NB: sì, sembra strano, ma per fare un passo di realtà occorre ascoltare degli esperti dilingua, che ci riportano lì… alla meraviglia per cui accade che noi siamo esseri in grado di esprimere con la voce la nostra presenza, i desideri, gli affetti, i dolori.

Ma come pronuncio l’asterico e lo schwa?

Oggi si propone di ampliare il nostro alfabeto con due nuovi segni, lo schwa (ə) e l’asterisco (*) che non rappresentano però suoni grammaticalmente esistenti nell’italiano standard. Stiamo compiendo cioé un’operazione rovesciata rispetto al passato. Lungo i secoli infatti ci si è sforzati di creare segni capaci di catturare al meglio i suoi pronunciati in una data lingua; oggi invece si vuole introdurne dei nuovi i quali, con ogni probabilità, resteranno privi di un loro corrispettivo fonico reale.

Da Repubblica

L’orale viene prima dello scritto, perché l’esperienza della realtà viene prima della sua comprensione o classificazione o memoria. Ritorniamo all’esempio iniziale della mamma. Lei c’è. E c’è il sole, la grandine, le guerre, ci siamo noi stessi. La voce dell’uomo è il grido di fronte all’urto con il reale. E la scrittura è un passo successivo per fare memoria, prendere nota della voce. Ora: che suono ha un *? Come lo pronuncio? E’ qualcosa che esiste solo nello scritto. Non c’è una voce nella realtà che pronunciando quel suono identifica una presenza.
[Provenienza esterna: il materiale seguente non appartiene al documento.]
(* Let $p$ be a prime, $r\geq 1$ and $d\geq 0$. Then $$\prod_{\lambda\in\mathrm{Par}(d)}\vartheta_{p^r}(\lambda)=p^{\,r\,l(d)},$$ i.e. $\sum_{\lambda\in\mathrm{Par}(d)}\log_p\vartheta_{p^r}(\lambda)=r\,l(d)$. (Equivalently, the product equals $\det X_{p^r,d}$.)
   Context: $\mathrm{Par}(d)$ is the set of partitions of $d$; for a partition $\lambda$, $m_n(\lambda)$ is the multiplicity of $n$ as a part and $l(\lambda)$ the number of parts; $l(d)=\sum_{\lambda\in\mathrm{Par}(d)}l(\lambda)$ is the total length function. $\nu_p$ is the $p$-adic valuation. For an integer $a\geq 0$ let $d_p(a)=\sum_{j\geq1}\lfloor a/p^j\rfloor$ (so $p^{d_p(a)}$ is the $p$-part of $a!$). Define $$\vartheta_{p^r}(\lambda)=\prod_{\substack{n\geq1\\ 0\leq\nu_p(n)<r}}p^{(r-\nu_p(n))m_n(\lambda)+d_p(m_n(\lambda))}.$$ Also $X_{p^r,d}=(\langle m_\lambda,h_\mu\rangle_{p^r})_{\lambda,\mu\in\mathrm{Par}(d)}$, where $\langle p_\lambda,p_\mu\rangle_{\ell}=\delta_{\lambda\mu}\ell^{l(\lambda)}z_\lambda$ on symmetric functions ($m,h,p$ the monomial, complete homogeneous and power-sum bases, $z_\lambda=\prod_r r^{m_r(\lambda)}m_r(\lambda)!$). *)

theory Defs
  imports "HOL-Library.Multiset" "HOL-Computational_Algebra.Primes"
begin

text \<open>Partitions of d, represented as multisets of positive parts summing to d.
  The multiplicity m_n(lambda) is count lambda n and l(lambda) is size lambda.\<close>
definition Par :: "nat \<Rightarrow> nat multiset set" where
  "Par d = {M. (\<forall>x\<in>#M. 0 < x) \<and> sum_mset M = d}"

definition total_length :: "nat \<Rightarrow> nat" where
  "total_length d = (\<Sum>M\<in>Par d. size M)"

text \<open>d_p(a) = sum_{j>=1} floor(a/p^j); terms with j > a vanish (p >= 2).\<close>
definition dp :: "nat \<Rightarrow> nat \<Rightarrow> nat" where
  "dp p a = (\<Sum>j\<in>{1..a}. a div p ^ j)"

text \<open>theta_{p^r}(lambda); factors with m_n(lambda) = 0 equal 1, so the product
  is restricted to the (finite) set of parts of lambda.\<close>
definition theta :: "nat \<Rightarrow> nat \<Rightarrow> nat multiset \<Rightarrow> nat" where
  "theta p r M = (\<Prod>n\<in>{n\<in>set_mset M. 1 \<le> n \<and> multiplicity p n < r}.
      p ^ ((r - multiplicity p n) * count M n + dp p (count M n)))"

end

theory Submission
  imports Defs
begin

(*
  Write v = multiplicity p and m_n(M) = count M n.  Taking logarithms base p,
  the theorem says that the exponents
      e(M) = \<Sum>{n part of M, v n < r}. (r - v n) * m_n(M) + d_p(m_n(M))
  add up, over all partitions M of d, to r * l(d).

  The argument is a double-counting one.  Let F(N) be the total number of
  occurrences of N as a part among all partitions of d, so l(d) = \<Sum>N. F(N).
   1. Removing k*q copies of N (resp. k copies of q*N) gives bijections with
      partitions of d - k*q*N, hence \<Sum>M. m_N(M) div q = F(q*N).  Since
      d_p(c) = \<Sum>j\<ge>1. c div p^j, summing e(M) over M yields
        \<Sum>{n, v n < r}. (r - v n) * F(n) + \<Sum>j\<ge>1. F(p^j * n).
   2. A part N with v N = w arises as p^j * n with j \<ge> 1 and v n < r in
      exactly min w r ways; together with the weight r - w (present only when
      w < r) every F(N) receives total weight r.
*)

lemma Par_count_times_part_le:
  assumes "M \<in> Par d"
  shows "count M n * n \<le> d"
proof -
  have sub: "replicate_mset (count M n) n \<subseteq># M"
    by (simp flip: count_le_replicate_mset_subset_eq)
  have "sum_mset M = sum_mset (replicate_mset (count M n) n)
                     + sum_mset (M - replicate_mset (count M n) n)"
    by (metis sub subset_mset.add_diff_inverse sum_mset.union)
  then show ?thesis
    using assms unfolding Par_def by simp
qed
Qualcuno è in cerca di una sua voce, perché il maschile e il femminile non lo identificano, e sceglie in astratto un segno che però non potrà pronunciare. È come cercare un nuovo modo di dire “io” e scegliere il silenzio. Che aiuto reale sarà per la sua identità? E per lo schwa il ragionamento è simile. Nota il rabbino Riccardo Di Segni, richiamando l’origine ebraica di questo segno linguistico:

Insomma lo shewà non è una vocale vera e propria, è una via di mezzo tra il silenzio e una vocale pronunciata, una “semivocale”. Il nome stesso del segno, vicino alla parola shav, “senza valore” indica questa sua natura difettosa e incompleta.

Da Shalom

L’asterisco non ha suono, lo schwa ha il suono impercettibile che non appartiene alla nostra lingua. Come si può dare corpo e sostanza a un’identità in discussione attraverso segni che non hanno voce? Hanno molta visibilità nello scritto, catturano l’attenzione. E questo è un altro aspetto rilevante e dolente.

L’abbaglio della scrittura …

E’ il professor Luca Serianni a suggerire perché questa tendenza linguistica sia basata sullo scritto. E lo fa con la voce dello studioso, non di chi rigetta le istanze del mondo LGBTQ+. Alla domanda su cosa significhi il dibattito su asterisco e schwa, risponde:

Raccontano il grande potere dello scritto sul parlato. L’asterisco nasce agli inizi della storia della tipografia italiana: serve a indicare una lacuna nel testo. Noi siamo una società largamente alfabetizzata, abituata a leggere le parole, a vederle, prima ancora che a pronunciarle. […] Io direi che siamo sempre più immersi nella scrittura, proprio grazie alla rete.

whastapp conversation

Questo è un ritratto autentico di noi, per quanto amaro. Siamo dentro questa trappola: una cosa esiste perché la scrivo o la vedo scritta (cellulari, Facebook, schermi di ogni tipo). E’ come se camminassimo a rovescio, coi piedi per aria. Sì, siamo un passo oltre e peggio del Cogito ergo sum. Invece ogni presenza esiste perché c’è, non perché la penso o la scrivo.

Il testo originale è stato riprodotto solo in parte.